Over the past decade, machine learning (ML) has driven advancements in PSQA, particularly in gamma passing rate (GPR) prediction. Early ML approaches, including Poisson regression with Lasso regularization for binary classification (4, 5), regression/classification models for VMAT plans (6), artificial neural networks (ANN) for dosimetry prediction (7), and feature-engineered support vector machines (8, 9), demonstrated moderate success but faced limitations in accuracy and clinical applicability due to manual feature dependency. The emergence of deep learning (DL) revolutionized this field through automated hierarchical feature extraction via convolutional neural networks (CNN). Key innovations include CNN architectures for prostate cancer PSQA (10, 11), transfer learning-enhanced VGG-16 models outperforming domain-expert systems (12), fluence map-based error detection frameworks (13), GANs for EPID-to-dose conversion (14), and log file-informed fluence modeling (1518). By eliminating manual feature engineering and enabling end-to-end prediction through raw data abstraction, DL methods have significantly improved prediction accuracy and clinical utility compared to traditional ML approaches, establishing a paradigm shift in PSQA optimization.
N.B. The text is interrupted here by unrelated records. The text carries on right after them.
definition heap_vars :: "heap \<Rightarrow> var set" where
  "heap_vars \<Gamma> = dom \<Gamma> \<union> (\<Union>e\<in>ran \<Gamma>. vars_e e)"

definition apps :: "var list \<Rightarrow> expr \<Rightarrow> expr" where
  "apps A e = foldl App e A"

definition chain :: "var list \<Rightarrow> pat list \<Rightarrow> mtch \<Rightarrow> mtch" where
  "chain ys ps m = foldr (\<lambda>(y, p) m'. Arg y (PMatch p m')) (zip ys ps) m"

inductive bs_eval :: "heap \<Rightarrow> var set \<Rightarrow> expr \<Rightarrow> heap \<Rightarrow> expr \<Rightarrow> bool"
  and bs_match :: "heap \<Rightarrow> var set \<Rightarrow> var list \<Rightarrow> mtch \<Rightarrow> heap \<Rightarrow> mtch \<Rightarrow> bool"
where
  Whnf: "is_whnf w \<Longrightarrow> bs_eval \<Gamma> L w \<Gamma> w"
| Sat: "ar m = Some 0 \<Longrightarrow> bs_match \<Gamma> L [] m \<Delta> (Ret e) \<Longrightarrow> bs_eval \<Delta> L e \<Theta> w
        \<Longrightarrow> bs_eval \<Gamma> L (Lam m) \<Theta> w"
| Var: "y \<notin> dom \<Gamma> \<Longrightarrow> bs_eval \<Gamma> (insert y L) e \<Delta> w
        \<Longrightarrow> bs_eval (\<Gamma>(y \<mapsto> e)) L (Var y) (\<Delta>(y \<mapsto> w)) w"
| App: "bs_eval \<Gamma> L e \<Delta> (Lam m) \<Longrightarrow> bs_eval \<Delta> L (Lam (Arg y m)) \<Theta> w
        \<Longrightarrow> bs_eval \<Gamma> L (App e y) \<Theta> w"
| Return: "bs_match \<Gamma> L A (Ret e) \<Gamma> (Ret (apps A e))"
| MFail: "bs_match \<Gamma> L A Fail \<Gamma> Fail"
| MArg: "bs_match \<Gamma> L (y # A) m \<Delta> r \<Longrightarrow> bs_match \<Gamma> L A (Arg y m) \<Delta> r"
| Bind: "bs_match \<Gamma> L A (subst1_m y x m) \<Delta> r
        \<Longrightarrow> bs_match \<Gamma> L (y # A) (PMatch (PVar x) m) \<Delta> r"
| Cons1: "bs_eval \<Gamma> L (Var y) \<Delta> (Con c ys) \<Longrightarrow> length ys = length ps
        \<Longrightarrow> bs_match \<Delta> L A (chain ys ps m) \<Theta> r
        \<Longrightarrow> bs_match \<Gamma> L (y # A) (PMatch (PCon c ps) m) \<Theta> r"
| Cons2: "bs_eval \<Gamma> L (Var y) \<Delta> (Con c' ys) \<Longrightarrow> c \<noteq> c'
        \<Longrightarrow> bs_match \<Gamma> L (y # A) (PMatch (PCon c ps) m) \<Delta> Fail"
| Alt1: "bs_match \<Gamma> L A m1 \<Delta> (Ret e) \<Longrightarrow> bs_match \<Gamma> L A (Alt m1 m2) \<Delta> (Ret e)"
| Alt2: "bs_match \<Gamma> L A m1 \<Delta> Fail \<Longrightarrow> bs_match \<Delta> L A m2 \<Theta> r
        \<Longrightarrow> bs_match \<Gamma> L A (Alt m1 m2) \<Theta> r"
| Where: "length ys = length bs \<Longrightarrow> distinct ys
        \<Longrightarrow> set ys \<inter> (heap_vars \<Gamma> \<union> L \<union> set A \<union> vars_m (Where m bs)) = {}
        \<Longrightarrow> bs_match (\<Gamma>(ys [\<mapsto>] map (\<lambda>(x, e). subst_e (ren (map fst bs) ys) e) bs)) L A
               (subst_m (ren (map fst bs) ys) m) \<Delta> r
        \<Longrightarrow> bs_match \<Gamma> L A (Where m bs) \<Delta> r"

datatype ctrl = Eval expr | Match "var list" mtch

datatype cont =
    KArg var
  | KUpd var
  | KRet
  | KAlt "var list" mtch
  | KCon "var list" con "pat list" mtch

type_synonym conf = "heap \<times> ctrl \<times> cont list"

fun cont_vars :: "cont \<Rightarrow> var set" where
  "cont_vars (KArg y) = {y}"
| "cont_vars (KUpd y) = {y}"
| "cont_vars KRet = {}"
| "cont_vars (KAlt A m) = set A \<union> vars_m m"
| "cont_vars (KCon A c ps m) = set A \<union> vars_m (PMatch (PCon c ps) m)"

definition stack_vars :: "cont list \<Rightarrow> var set" where
  "stack_vars S = (\<Union>k\<in>set S. cont_vars k)"

definition upd :: "cont list \<Rightarrow> var set" where
  "upd S = {y. KUpd y \<in> set S}"

inductive step :: "conf \<Rightarrow> conf \<Rightarrow> bool" where
  App1: "step (\<Gamma>, Eval (App e y), S) (\<Gamma>, Eval e, KArg y # S)"
| App2: "ar m = Some n \<Longrightarrow> n > 0
         \<Longrightarrow> step (\<Gamma>, Eval (Lam m), KArg y # S) (\<Gamma>, Eval (Lam (Arg y m)), S)"
| Sat: "ar m = Some 0 \<Longrightarrow> step (\<Gamma>, Eval (Lam m), S) (\<Gamma>, Match [] m, KRet # S)"
| Var: "y \<notin> dom \<Gamma> \<Longrightarrow> step (\<Gamma>(y \<mapsto> e), Eval (Var y), S) (\<Gamma>, Eval e, KUpd y # S)"
| Update: "is_whnf w \<Longrightarrow> step (\<Gamma>, Eval w, KUpd y # S) (\<Gamma>(y \<mapsto> w), Eval w, S)"
| Return1A: "A \<noteq> [] \<Longrightarrow> step (\<Gamma>, Match A (Ret e), S) (\<Gamma>, Match [] (Ret (apps A e)), S)"
| Return1B: "step (\<Gamma>, Match [] (Ret e), KRet # S) (\<Gamma>, Eval e, S)"
| Return2: "step (\<Gamma>, Match [] (Ret e), KAlt A' m # S) (\<Gamma>, Match [] (Ret e), S)"
| Bind: "step (\<Gamma>, Match (y # A) (PMatch (PVar x) m), S) (\<Gamma>, Match A (subst1_m y x m), S)"
| Cons1: "step (\<Gamma>, Match (y # A) (PMatch (PCon c ps) m), S)
               (\<Gamma>, Eval (Var y), KCon A c ps m # S)"
| Cons2: "length ys = length ps
          \<Longrightarrow> step (\<Gamma>, Eval (Con c ys), KCon A c ps m # S) (\<Gamma>, Match A (chain ys ps m), S)"
| Fail: "c \<noteq> c' \<Longrightarrow> step (\<Gamma>, Eval (Con c' ys), KCon A c ps m # S) (\<Gamma>, Match [] Fail, S)"
| Arg: "step (\<Gamma>, Match A (Arg y m), S) (\<Gamma>, Match (y # A) m, S)"
| Alt1: "step (\<Gamma>, Match A (Alt m1 m2), S) (\<Gamma>, Match A m1, KAlt A m2 # S)"
| Alt2: "step (\<Gamma>, Match A' Fail, KAlt A m # S) (\<Gamma>, Match A m, S)"
| Where: "length ys = length bs \<Longrightarrow> distinct ys
          \<Longrightarrow> set ys \<inter> (heap_vars \<Gamma> \<union> set A \<union> vars_m (Where m bs) \<union> stack_vars S) = {}
          \<Longrightarrow> step (\<Gamma>, Match A (Where m bs), S)
                   (\<Gamma>(ys [\<mapsto>] map (\<lambda>(x, e). subst_e (ren (map fst bs) ys) e) bs),
                    Match A (subst_m (ren (map fst bs) ys) m), S)"

definition balanced :: "conf \<Rightarrow> conf \<Rightarrow> bool" where
  "balanced c c' \<longleftrightarrow>
     snd (snd c') = snd (snd c) \<and>
     (\<exists>cs. cs \<noteq> [] \<and> hd cs = c \<and> last cs = c' \<and>
        (\<forall>i < length cs - 1. step (cs ! i) (cs ! Suc i)) \<and>
        (\<forall>d \<in> set cs. \<exists>ks. snd (snd d) = ks @ snd (snd c)))"

end

theory Submission
  imports Defs
begin

(* Induction on the length of the balanced run. A first step that keeps the return stack S
   leaves a shorter balanced run. A first step that pushes a continuation k is matched by the
   first later step that pops k: the run before it is balanced over k # S, the popping step is
   determined by k, and the run after it is balanced over S again; both are shorter, and they
   supply the premises of the big-step rule for the construct that pushed k. Only the Var rule
   pushes an update marker, matching the extension of L in the big-step Var rule. A run that
   reaches a weak head normal form or a matching result over S must stop there, as every step
   from such a configuration pops. *)

abbreviation stack :: "conf \<Rightarrow> cont list" where
  "stack c \<equiv> snd (snd c)"

definition extends_stack :: "cont list \<Rightarrow> conf \<Rightarrow> bool" where
  "extends_stack S c \<longleftrightarrow> (\<exists>ks. stack c = ks @ S)"

inductive run_above :: "cont list \<Rightarrow> nat \<Rightarrow> conf \<Rightarrow> conf \<Rightarrow> bool" for S where
  run_above_refl: "extends_stack S c \<Longrightarrow> run_above S 0 c c"
| run_above_step: "extends_stack S c \<Longrightarrow> step c c1 \<Longrightarrow> run_above S n c1 c2
    \<Longrightarrow> run_above S (Suc n) c c2"

lemma run_above_extends_stack: "run_above S n c c' \<Longrightarrow> extends_stack S c"
  by (induction rule: run_above.induct) auto

lemma run_above_Suc_first_step:
  assumes "run_above S (Suc n) c c'"
  obtains c1 where "step c c1" "run_above S n c1 c'"
  using assms by (cases rule: run_above.cases) auto

lemma not_extends_stack_Cons: "stack c = S \<Longrightarrow> \<not> extends_stack (k # S) c"
  by (auto simp: extends_stack_def dest: arg_cong[of _ _ length])

lemma run_above_of_steps:
  assumes "cs \<noteq> []" "\<forall>i < length cs - 1. step (cs ! i) (cs ! Suc i)"
    and "\<forall>d \<in> set cs. extends_stack S d"
  shows "run_above S (length cs - 1) (hd cs) (last cs)"
  using assms
proof (induction cs)
  case (Cons c cs)
  show ?case
  proof (cases cs)
    case Nil
    with Cons.prems show ?thesis by (auto intro: run_above_refl)
  next
    case (Cons c1 cs')
    have "\<forall>i < length cs - 1. step (cs ! i) (cs ! Suc i)"
    proof (intro allI impI)
      fix i assume "i < length cs - 1"
      then have "Suc i < length (c # cs) - 1" by simp
      with Cons.prems(2) have "step ((c # cs) ! Suc i) ((c # cs) ! Suc (Suc i))" by blast
      then show "step (cs ! i) (cs ! Suc i)" by simp
    qed
    with Cons.IH Cons.prems(3) \<open>cs = c1 # cs'\<close>
    have "run_above S (length cs - 1) c1 (last cs)" by auto
    moreover have "step c c1" using Cons.prems(2) \<open>cs = c1 # cs'\<close> by force
    ultimately show ?thesis
      using Cons.prems(3) \<open>cs = c1 # cs'\<close> by (auto intro: run_above_step)
  qed
qed simp

lemma balanced_imp_run_above:
  "balanced c c' \<Longrightarrow> \<exists>n. run_above (stack c) n c c'"
  unfolding balanced_def using run_above_of_steps[of _ "stack c"]
  by (auto simp: extends_stack_def)

lemma step_stack_cases:
  assumes "step c c'"
  obtains "stack c' = stack c" | k where "stack c = k # stack c'" | k where "stack c' = k # stack c"
  using assms by (induction rule: step.induct) auto

lemma run_above_first_return:
  assumes "run_above S n c c'" "stack c = ks @ k # S" "stack c' = S"
  shows "\<exists>j d d'. j < n \<and> run_above (k # S) j c d \<and> stack d = k # S
    \<and> step d d' \<and> stack d' = S \<and> run_above S (n - Suc j) d' c'"
  using assms
proof (induction arbitrary: ks rule: run_above.induct)
  case (run_above_refl c)
  then show ?case by (auto dest: arg_cong[of _ _ length])
next
  case (run_above_step c c1 n c2)
  have "extends_stack (k # S) c" using run_above_step.prems by (auto simp: extends_stack_def)
  show ?case
  proof (cases "stack c = k # S \<and> stack c1 = S")
    case True
    with run_above_step \<open>extends_stack (k # S) c\<close> show ?thesis
      by (intro exI[of _ 0] exI[of _ c] exI[of _ c1]) (auto intro: run_above_refl)
  next
    case False
    obtain ks' where "stack c1 = ks' @ k # S"
      using run_above_step.hyps(2) run_above_step.prems(1) False
      by (cases rule: step_stack_cases) (auto simp: Cons_eq_append_conv)
    with run_above_step.IH run_above_step.prems(2) obtain j d d' where
      "j < n" "run_above (k # S) j c1 d" "stack d = k # S" "step d d'" "stack d' = S"
      "run_above S (n - Suc j) d' c2" by blast
    moreover have "run_above (k # S) (Suc j) c d"
      using \<open>extends_stack (k # S) c\<close> run_above_step.hyps(2) \<open>run_above (k # S) j c1 d\<close>
      by (rule run_above.run_above_step)
    ultimately show ?thesis by (intro exI[of _ "Suc j"] exI[of _ d] exI[of _ d'] conjI) simp_all
  qed
qed

lemma run_above_push_split:
  assumes "run_above S n (\<Gamma>, C, k # S) (\<Delta>, C', S)"
  obtains j d d' where "j < n" "run_above (k # S) j (\<Gamma>, C, k # S) d" "stack d = k # S" "step d d'"
    "stack d' = S" "run_above S (n - Suc j) d' (\<Delta>, C', S)"
proof -
  have "stack (\<Gamma>, C, k # S) = [] @ k # S" "stack (\<Delta>, C', S) = S" by simp_all
  from run_above_first_return[OF assms this] show thesis using that by blast
qed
Extensive studies have validated the potential of ML/DL models in terms of predicting PSQA without performing real measurements (418). However, critical analysis of existing methodologies reveals three fundamental limitations requiring attention for clinical implementation of ML/DL-based PSQA models. Firstly, the predominant GPR evaluation paradigm fails to establish quantitative relationships between spatial dose distribution characteristics and validation outcomes, particularly at anatomically complex sites. This limitation obscures detection of subclinical dose deviations and provides insufficient spatial context (e.g., failure point localization, clustered anomalies) for comprehensive clinical assessment (19, 20). Secondly, most models rely on 2D planar dose representations, inherently incapable of capturing the 3D spatial modulation characteristics intrinsic to VMAT’s dynamic delivery. This dimensional reduction introduces systematic errors in dose carving pattern recognition. Thirdly, while CNN excel at local feature extraction, their reliance on downsampling operations sacrifices spatial resolution and local detail preservation. The inherent locality of convolutional kernels further restricts global contextual awareness and long-range spatial relationships modeling - critical capabilities for holistic dose distribution analysis.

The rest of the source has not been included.